Maurad Ghazli, ex-UMP déçu et collaborateur du site islamique Oumma.com, décrypte l’appel du maire de Sevran.
L’appel du maire de Sevran est-il une provocation ?
Pas du tout, il a raison. On ne peut pas envoyer des milliers d’hommes en Afghanistan ou en Côte d’Ivoire et laisser une atmosphère de guérilla dans nos villes.
On ne peut pas proposer l’excellence de nos forces de l’ordre aux Tunisiens et être incapable de le maintenir en France.
C’est à se demander si le pouvoir ne se nourrit pas de cette situation.
Il ne se passe pas une semaine sans un règlement de compte à la Kalachnikov. Que pensez-vous des réponses policières ?
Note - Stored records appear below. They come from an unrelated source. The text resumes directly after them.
lemma eigenvector_column_block_decomposition:
  fixes A U :: "real mat"
  assumes A: "A \<in> carrier_mat (Suc m) (Suc m)" and sym: "transpose_mat A = A"
    and U: "U \<in> carrier_mat (Suc m) (Suc m)" and orth: "transpose_mat U * U = 1\<^sub>m (Suc m)"
    and eig: "A *\<^sub>v col U 0 = e \<cdot>\<^sub>v col U 0"
  shows "\<exists>B. B \<in> carrier_mat m m \<and> transpose_mat B = B \<and>
           transpose_mat U * A * U = four_block_mat (mat 1 1 (\<lambda>_. e)) (0\<^sub>m 1 m) (0\<^sub>m m 1) B"
proof -
  define M where "M = transpose_mat U * A * U"
  have M: "M \<in> carrier_mat (Suc m) (Suc m)" unfolding M_def using A U by simp
  have Msym: "transpose_mat M = M"
    unfolding M_def by (rule transpose_congruence_symmetric[OF A sym U])
  have col0: "M $$ (i, 0) = (if i = 0 then e else 0)" if i: "i < Suc m" for i
  proof -
    have "M = transpose_mat U * (A * U)"
      unfolding M_def using A U by (simp add: assoc_mult_mat[of _ "Suc m" "Suc m"])
    moreover have "col (A * U) 0 = A *\<^sub>v col U 0" by (rule col_mult2[OF A U]) simp
    ultimately have "M $$ (i, 0) = col U i \<bullet> (e \<cdot>\<^sub>v col U 0)"
      using i A U eig by simp
    also have "\<dots> = e * (transpose_mat U * U) $$ (i, 0)" using i U by simp
    finally show ?thesis unfolding orth using i by simp
  qed
  have row0: "M $$ (0, j) = (if j = 0 then e else 0)" if j: "j < Suc m" for j
  proof -
    have "M $$ (0, j) = transpose_mat M $$ (j, 0)" using M j by simp
    with Msym col0[OF j] show ?thesis by simp
  qed
  define B where "B = mat m m (\<lambda>(i,j). M $$ (Suc i, Suc j))"
  have "transpose_mat B = B"
  proof (rule eq_matI)
    fix i j assume "i < dim_row B" "j < dim_col B"
    then have ij: "i < m" "j < m" unfolding B_def by auto
    then have "M $$ (Suc j, Suc i) = transpose_mat M $$ (Suc i, Suc j)" using M by simp
    with ij Msym show "transpose_mat B $$ (i, j) = B $$ (i, j)" by (simp add: B_def)
  qed (auto simp: B_def)
  moreover have "M = four_block_mat (mat 1 1 (\<lambda>_. e)) (0\<^sub>m 1 m) (0\<^sub>m m 1) B"
  proof (rule eq_matI)
    fix i j assume "i < dim_row (four_block_mat (mat 1 1 (\<lambda>_. e)) (0\<^sub>m 1 m) (0\<^sub>m m 1) B)"
      "j < dim_col (four_block_mat (mat 1 1 (\<lambda>_. e)) (0\<^sub>m 1 m) (0\<^sub>m m 1) B)"
    then have "i < Suc m" "j < Suc m" by (auto simp: B_def)
    then show "M $$ (i, j) = four_block_mat (mat 1 1 (\<lambda>_. e)) (0\<^sub>m 1 m) (0\<^sub>m m 1) B $$ (i, j)"
      using col0 row0 by (cases i; cases j) (auto simp: B_def)
  qed (use M in \<open>auto simp: B_def\<close>)
  moreover have "B \<in> carrier_mat m m" unfolding B_def by simp
  ultimately show ?thesis unfolding M_def by blast
qed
Les policiers n’en peuvent plus et la stratégie de leur hiérarchie est complètement inadaptée, notamment avec l’envoi de CRS ou les opérations dans les cages d’escalier du nouveau préfet de Seine-Saint-Denis, le tout soigneusement médiatisé. Les CRS doivent intervenir sur des problèmes ponctuels. Pour le quotidien, il faut du gardien de la paix, qui comme son nom l’indique, rétablisse la paix. Mais pas des fliquettes qui se font impunément traiter de « fille de pute » par des Barracudas. Il faut des flics retaillés.
Pour passer le Kärcher ?
Cette histoire est l’une des plus belles mystifications de ces dernières années. Les jeunes savent qu’ils ne risquent rien. Encore moins qu’avant. S’ils se font prendre, ils passent au poste pour un rapport bidon juste bon pour les statistiques et un an après au tribunal face à une juge qui dit : c’est pas bien… Non, les flics doivent avoir de vrais moyens.
Quoi par exemple ?
Pas des hélicoptères, mais le droit de faire respecter les règles. A Moscou, personne n’ose toucher un policier, car la population les respecte. Il faut que les patrouilles soient filmées pour éviter les bavures, mais il faut aussi les autoriser à mettre des tartes pour se faire respecter. Mais pour cela, il faut du courage politique et le pouvoir se moque désormais des banlieues car l’urgence sociale s’est étendue depuis à toute la France.
Brice Hortefeux dénonçait l’été dernier la présence de 350 Ferrari dans le 93, un département pauvre mais florissant…
C’est une blague ! En début de semaine, le conducteur d’une Porsche a renversé une fillette à Sarcelles. Il avait 24 ans et avait fumé du cannabis. Croyez-vous que c’était un chef d’entreprise… Remarquez, le business ne s’est jamais aussi bien porté en France. Des centaines de Ferrari en Seine-Saint-Denis ? Mais c’est reconnaître leur impunité ! Sarkozy avait lancé les GIR, avec des policiers, douaniers et des inspecteurs des impôts. Mais combien sont-ils ? L’idée de mutualiser la lutte contre le trafic était bonne, mais cinq ans après, c’est pire. Les gros bonnets ne se cachent même plus. Mieux : ils investissent l’argent sale dans l’immobilier, les sandwicheries et les pizzerias. Ca leur coûtent un peu de TVA, mais ils gonflent leur chiffre d’affaires et blanchissent tranquillement des fortunes.